--- WHAT THE EXERCISE ASKS ---
Would you find each line in the entries below with the string "show" and copy it?

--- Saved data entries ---
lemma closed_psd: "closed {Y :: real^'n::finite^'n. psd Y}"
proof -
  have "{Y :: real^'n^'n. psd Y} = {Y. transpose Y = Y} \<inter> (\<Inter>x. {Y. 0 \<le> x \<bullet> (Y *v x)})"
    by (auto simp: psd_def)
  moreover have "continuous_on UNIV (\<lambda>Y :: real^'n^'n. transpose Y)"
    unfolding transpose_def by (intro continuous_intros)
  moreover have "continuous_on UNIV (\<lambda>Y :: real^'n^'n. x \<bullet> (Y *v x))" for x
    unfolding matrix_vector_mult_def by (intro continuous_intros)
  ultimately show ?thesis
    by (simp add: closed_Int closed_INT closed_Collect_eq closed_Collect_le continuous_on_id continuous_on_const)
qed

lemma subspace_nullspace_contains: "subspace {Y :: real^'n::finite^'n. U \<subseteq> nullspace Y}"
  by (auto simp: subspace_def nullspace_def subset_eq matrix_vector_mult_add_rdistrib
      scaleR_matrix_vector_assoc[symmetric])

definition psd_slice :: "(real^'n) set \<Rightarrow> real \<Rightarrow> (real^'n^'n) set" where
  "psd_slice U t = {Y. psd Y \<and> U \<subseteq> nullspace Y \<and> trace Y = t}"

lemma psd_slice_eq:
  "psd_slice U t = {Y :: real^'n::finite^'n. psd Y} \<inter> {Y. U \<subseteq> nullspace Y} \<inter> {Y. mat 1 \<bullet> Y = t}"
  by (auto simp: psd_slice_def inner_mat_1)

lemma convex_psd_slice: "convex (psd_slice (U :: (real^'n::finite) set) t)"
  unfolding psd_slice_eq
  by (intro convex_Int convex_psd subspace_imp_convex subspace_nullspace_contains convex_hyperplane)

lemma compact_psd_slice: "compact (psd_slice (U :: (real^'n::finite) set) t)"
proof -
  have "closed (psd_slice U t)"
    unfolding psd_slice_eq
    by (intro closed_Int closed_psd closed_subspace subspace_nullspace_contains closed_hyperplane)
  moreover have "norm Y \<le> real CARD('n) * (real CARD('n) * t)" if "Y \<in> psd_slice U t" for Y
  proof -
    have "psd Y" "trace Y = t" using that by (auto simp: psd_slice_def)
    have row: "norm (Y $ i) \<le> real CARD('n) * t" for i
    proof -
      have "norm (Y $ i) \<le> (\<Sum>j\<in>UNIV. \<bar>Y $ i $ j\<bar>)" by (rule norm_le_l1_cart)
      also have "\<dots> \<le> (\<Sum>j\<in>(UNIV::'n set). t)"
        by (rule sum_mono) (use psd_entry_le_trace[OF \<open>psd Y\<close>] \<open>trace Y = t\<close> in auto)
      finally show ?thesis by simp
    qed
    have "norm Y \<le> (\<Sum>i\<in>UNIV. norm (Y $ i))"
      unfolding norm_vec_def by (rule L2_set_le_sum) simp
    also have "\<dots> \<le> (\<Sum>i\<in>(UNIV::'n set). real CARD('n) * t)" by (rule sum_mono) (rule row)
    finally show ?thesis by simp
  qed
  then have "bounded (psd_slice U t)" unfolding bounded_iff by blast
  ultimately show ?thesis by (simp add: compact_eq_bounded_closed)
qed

---

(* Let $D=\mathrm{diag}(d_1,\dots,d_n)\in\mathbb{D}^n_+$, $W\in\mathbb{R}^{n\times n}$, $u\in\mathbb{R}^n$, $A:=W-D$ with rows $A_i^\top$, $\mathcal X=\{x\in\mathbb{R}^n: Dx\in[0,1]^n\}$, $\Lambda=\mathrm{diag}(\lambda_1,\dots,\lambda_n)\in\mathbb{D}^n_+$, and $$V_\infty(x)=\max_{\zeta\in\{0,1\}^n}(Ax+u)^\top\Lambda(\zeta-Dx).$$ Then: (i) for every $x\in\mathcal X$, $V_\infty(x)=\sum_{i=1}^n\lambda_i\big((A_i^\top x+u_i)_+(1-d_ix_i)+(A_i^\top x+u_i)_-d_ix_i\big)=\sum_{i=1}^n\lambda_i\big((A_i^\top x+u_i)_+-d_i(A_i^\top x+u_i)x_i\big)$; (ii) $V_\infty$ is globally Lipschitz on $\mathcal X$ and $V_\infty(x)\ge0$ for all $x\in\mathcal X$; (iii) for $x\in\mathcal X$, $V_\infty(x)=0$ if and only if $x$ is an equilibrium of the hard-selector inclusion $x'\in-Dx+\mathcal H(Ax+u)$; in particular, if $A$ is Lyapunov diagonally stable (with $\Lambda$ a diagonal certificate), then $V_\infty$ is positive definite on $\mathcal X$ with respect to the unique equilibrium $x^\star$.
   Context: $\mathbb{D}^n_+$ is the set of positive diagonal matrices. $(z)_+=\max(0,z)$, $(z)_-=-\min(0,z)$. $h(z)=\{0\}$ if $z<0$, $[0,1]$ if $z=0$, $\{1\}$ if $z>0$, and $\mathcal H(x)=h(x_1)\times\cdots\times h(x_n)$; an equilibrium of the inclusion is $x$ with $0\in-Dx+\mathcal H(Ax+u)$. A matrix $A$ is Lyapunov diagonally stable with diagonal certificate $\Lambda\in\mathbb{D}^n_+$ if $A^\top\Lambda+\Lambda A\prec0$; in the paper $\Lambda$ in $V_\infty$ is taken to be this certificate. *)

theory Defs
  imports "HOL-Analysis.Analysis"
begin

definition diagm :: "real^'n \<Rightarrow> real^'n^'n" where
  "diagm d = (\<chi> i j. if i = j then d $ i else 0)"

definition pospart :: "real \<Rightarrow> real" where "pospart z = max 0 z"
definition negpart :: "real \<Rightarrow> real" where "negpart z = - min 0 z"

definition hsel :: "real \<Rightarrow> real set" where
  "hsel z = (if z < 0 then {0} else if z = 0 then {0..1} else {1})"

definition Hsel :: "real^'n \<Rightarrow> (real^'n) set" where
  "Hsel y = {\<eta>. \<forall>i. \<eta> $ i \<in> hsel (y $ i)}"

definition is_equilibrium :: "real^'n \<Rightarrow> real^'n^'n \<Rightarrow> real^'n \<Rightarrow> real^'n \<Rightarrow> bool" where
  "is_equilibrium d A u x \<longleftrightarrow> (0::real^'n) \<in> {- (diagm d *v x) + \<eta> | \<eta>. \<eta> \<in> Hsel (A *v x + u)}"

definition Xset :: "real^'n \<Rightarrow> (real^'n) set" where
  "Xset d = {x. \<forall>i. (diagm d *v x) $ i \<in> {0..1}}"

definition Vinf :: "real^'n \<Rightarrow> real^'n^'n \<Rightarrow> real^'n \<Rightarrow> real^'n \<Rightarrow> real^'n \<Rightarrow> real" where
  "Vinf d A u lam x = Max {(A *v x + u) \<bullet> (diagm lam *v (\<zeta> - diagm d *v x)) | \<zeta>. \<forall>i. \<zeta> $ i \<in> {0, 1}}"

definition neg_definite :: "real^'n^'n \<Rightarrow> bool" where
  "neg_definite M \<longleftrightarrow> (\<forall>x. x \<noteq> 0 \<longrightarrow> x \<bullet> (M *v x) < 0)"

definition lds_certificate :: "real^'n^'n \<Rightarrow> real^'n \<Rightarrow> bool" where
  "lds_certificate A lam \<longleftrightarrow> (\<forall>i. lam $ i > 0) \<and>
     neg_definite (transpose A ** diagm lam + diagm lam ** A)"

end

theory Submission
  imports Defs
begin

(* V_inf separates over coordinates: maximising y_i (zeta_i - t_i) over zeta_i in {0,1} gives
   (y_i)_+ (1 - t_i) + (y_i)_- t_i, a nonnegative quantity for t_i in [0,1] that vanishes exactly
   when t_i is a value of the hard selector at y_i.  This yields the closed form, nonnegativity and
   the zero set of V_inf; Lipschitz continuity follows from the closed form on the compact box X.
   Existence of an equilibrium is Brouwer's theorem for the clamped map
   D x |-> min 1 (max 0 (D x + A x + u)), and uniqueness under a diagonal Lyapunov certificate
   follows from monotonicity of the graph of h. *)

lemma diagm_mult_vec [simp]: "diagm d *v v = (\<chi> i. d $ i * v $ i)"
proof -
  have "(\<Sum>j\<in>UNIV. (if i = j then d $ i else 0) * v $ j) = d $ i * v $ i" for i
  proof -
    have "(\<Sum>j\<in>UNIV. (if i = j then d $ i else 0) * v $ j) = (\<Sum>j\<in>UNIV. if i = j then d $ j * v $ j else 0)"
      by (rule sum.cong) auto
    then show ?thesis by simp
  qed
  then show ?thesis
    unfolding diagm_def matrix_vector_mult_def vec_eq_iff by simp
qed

--- OUTPUT FOR THIS EXERCISE ---
  ultimately show ?thesis
      finally show ?thesis by simp
    finally show ?thesis by simp
  ultimately show ?thesis by (simp add: compact_eq_bounded_closed)
    then show ?thesis by simp
  then show ?thesis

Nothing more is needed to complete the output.